M. Schalkhaußer: Wenn man die chilenische Geschichte studiert [Herr Schalkhaußer hatte vorher über den von ihm übersetzten Artikel eines chilenischen Psychologen berichtet, der sich in der Reformbewegung um Allende engagiert hatte, dann verfolgt worden war und aus Chile fliehen musste], stellt man fest, dass die berufsständischen Organisationen in Chile bei dem Umsturz, der damals stattgefunden hat, eine ganz unrühmliche Rolle gespielt haben. Ich habe dazu für ein Sonderheft der GVT-Mitteilungen diesen Artikel übersetzt. Nun ist Chile nicht mit der Bundesrepublik zu vergleichen gewesen, das ist ein sehr armes Entwicklungsland der Dritten Welt. Aber in Chile ist noch viel deutlicher als in der Bundesrepublik zu Tage getreten, dass gerade auch die berufsständischen Organisationen um ihre Pfründe gekämpft haben. Sie hätten alle was aufgeben müssen, wenn die Reformen, die Salvador Allende im Kopf gehabt hat, Wirklichkeit geworden wären. Dann hätten sie alle etwas verloren, und da haben sie sich alle dagegen gestemmt. Auch die berufsständischen Organisationen gehörten zur Allianz gegen Allende. Das war das eine. Solche Gefahren sahen wir bei berufsständischen Organisationen ganz allgemein.

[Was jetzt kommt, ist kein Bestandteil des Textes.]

lemma Theta_adj_zero: "orth_projs P m \<Longrightarrow> Theta_adj P m (\<lambda>n. 0) = (\<lambda>n. 0)"
  using Theta_adj_diff[of P m "\<lambda>n. 0" "\<lambda>n. 0"] by simp

lemma Theta0_adj_zero: "orth_projs P m \<Longrightarrow> Theta0_adj P m 0 = 0"
  by (induction m) (simp_all add: orth_projs_Suc op_zero)

lemma factor_adj_shift: "bshift (factor_adj Q f) = factor_adj Q (bshift f)"
  by (simp add: bshift_def factor_adj_def)

lemma Theta_adj_shift: "Theta_adj P m (bshift f) = bshift (Theta_adj P m f)"
  by (induction m arbitrary: f) (simp_all add: factor_adj_shift[symmetric])

lemma Theta_adj_const:
  "orth_projs P m \<Longrightarrow> Theta_adj P m (\<lambda>n. if n = 0 then x else 0) = (\<lambda>n. if n = 0 then Theta0_adj P m x else 0)"
proof (induction m arbitrary: x)
  case (Suc m)
  have p: "orth_projs P m" and q: "orth_proj (P (Suc m))" using Suc.prems by (simp_all add: orth_projs_Suc)
  have "factor_adj (P (Suc m)) (\<lambda>n. if n = 0 then x else 0) = (\<lambda>n. if n = 0 then x - P (Suc m) x else 0)"
    by (auto simp: factor_adj_def fun_eq_iff op_zero[OF q])
  then show ?case by (simp only: Theta_adj.simps Theta0_adj.simps Suc.IH[OF p] cong: if_cong)
qed (simp add: fun_eq_iff)

lemma factor_adj_vanish:
  assumes q: "orth_proj Q" and h: "\<forall>n\<ge>j. factor_adj Q f n = 0"
  shows "\<forall>n\<ge>Suc j. f n = 0"
proof (intro allI impI)
  have top: "Q (f (Suc n)) = 0" if "n \<ge> j" for n
  proof -
    have "Q (factor_adj Q f n) = 0" using h that op_zero[OF q] by simp
    then show ?thesis by (simp add: factor_adj_def op_add[OF q] op_perp[OF q] op_idem[OF q])
  qed
  fix n assume n: "Suc j \<le> n"
  have "f n - Q (f n) = 0" using h[rule_format, of n] top[of n] n by (simp add: factor_adj_def)
  moreover have "Q (f n) = 0" using top[of "n - 1"] n by (cases n) auto
  ultimately show "f n = 0" by simp
qed

lemma Theta_adj_vanish:
  "orth_projs P m \<Longrightarrow> \<forall>n\<ge>j. Theta_adj P m f n = 0 \<Longrightarrow> \<forall>n\<ge>j + m. f n = 0"
proof (induction m arbitrary: f)
  case (Suc m)
  have p: "orth_projs P m" and q: "orth_proj (P (Suc m))" using Suc.prems(1) by (simp_all add: orth_projs_Suc)
  have "\<forall>n\<ge>j + m. factor_adj (P (Suc m)) f n = 0" using Suc.IH[OF p] Suc.prems(2) by simp
  then show ?case using factor_adj_vanish[OF q] by simp
qed simp

lemma Theta_adj_bound:
  "orth_projs P m \<Longrightarrow> \<forall>k. norm (f k) \<le> r \<Longrightarrow> norm (Theta_adj P m f n) \<le> 2 ^ m * r"
proof (induction m arbitrary: f r)
  case (Suc m)
  have p: "orth_projs P m" and q: "orth_proj (P (Suc m))" using Suc.prems(1) by (simp_all add: orth_projs_Suc)
  have "norm (factor_adj (P (Suc m)) f k) \<le> 2 * r" for k
  proof -
    have "norm (factor_adj (P (Suc m)) f k) \<le> norm (f k - P (Suc m) (f k)) + norm (P (Suc m) (f (Suc k)))"
      unfolding factor_adj_def by (rule norm_triangle_ineq)
    also have "\<dots> \<le> norm (f k) + norm (f (Suc k))"
      using op_norm[OF q] op_norm_perp[OF q] by (intro add_mono) auto
    also have "\<dots> \<le> 2 * r" using Suc.prems(2) by (simp add: add_mono[of _ r _ r, simplified])
    finally show ?thesis .
  qed
  then have "norm (Theta_adj P m (factor_adj (P (Suc m)) f) n) \<le> 2 ^ m * (2 * r)"
    by (intro Suc.IH[OF p]) simp
  then show ?case by (simp add: mult.assoc mult.left_commute)
qed simp

text \<open>The model space is closed: a coefficient of \<open>\<Theta>\<^sup>*f\<close> is controlled by \<open>\<parallel>f - g\<parallel>\<close>
  for any \<open>g\<close> in the model space.\<close>

lemma model_space_closed: "orth_projs P m \<Longrightarrow> h2_closure (model_space P m) = model_space P m"
proof
  assume p: "orth_projs P m"
  show "h2_closure (model_space P m) \<subseteq> model_space P m"
  proof
    fix f assume f: "f \<in> h2_closure (model_space P m)"
    then have fH: "f \<in> H2" and approx: "\<And>e. e > 0 \<Longrightarrow> \<exists>g\<in>model_space P m. h2norm (\<lambda>n. f n - g n) < e"
      by (auto simp: h2_closure_def)
    have "Theta_adj P m f n = 0" for n
    proof (rule ccontr)
      assume ne: "Theta_adj P m f n \<noteq> 0"
      define e where "e = norm (Theta_adj P m f n) / 2 ^ m"
      have e: "e > 0" using ne by (simp add: e_def)
      obtain g where g: "g \<in> H2" "Theta_adj P m g = (\<lambda>n. 0)" "h2norm (\<lambda>n. f n - g n) < e"
        using approx[OF e] by (auto simp: model_space_def)
      have d: "(\<lambda>n. f n - g n) \<in> H2" by (rule H2_diff[OF fH g(1)])
      have "norm (Theta_adj P m f n) = norm (Theta_adj P m (\<lambda>n. f n - g n) n)"
        using Theta_adj_diff[OF p, of f g] g(2) by simp
      also have "\<dots> \<le> 2 ^ m * h2norm (\<lambda>n. f n - g n)"
        by (rule Theta_adj_bound[OF p]) (auto intro: norm_le_h2norm[OF d])
      also have "\<dots> < 2 ^ m * e" using g(3) by simp
      also have "\<dots> = norm (Theta_adj P m f n)" by (simp add: e_def)
      finally show False by simp
    qed
    then show "f \<in> model_space P m" using fH by (auto simp: model_space_def)
  qed
  show "model_space P m \<subseteq> h2_closure (model_space P m)"
  proof
    fix f assume "f \<in> model_space P m"
    moreover have "h2norm (\<lambda>n. f n - f n) = 0" by (simp add: h2norm_def)
    ultimately show "f \<in> h2_closure (model_space P m)"
      by (auto simp: h2_closure_def model_space_def intro!: bexI[of _ f])
  qed
qed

Das andere war die Rezeption der berufsständischen Organisationen ärztlicher Provenienz in der BRD. Wir haben uns gesagt: "Nein, das kann irgendwie nicht stimmen. Sich berufsständisch zu organisieren, das kann irgendwie nicht stimmen. Das ist immer Privilegienpolitik für einen bestimmten Kreis und es wird nie geguckt, was eigentlich gesamtgesellschaftlich notwendig ist." Und dann kam dazu natürlich die Frage, welchen Stellenwert finden dann einzelne Professionen darin. Dies wurde für uns zur Frage: berufsständisch oder gewerkschaftlich organisieren?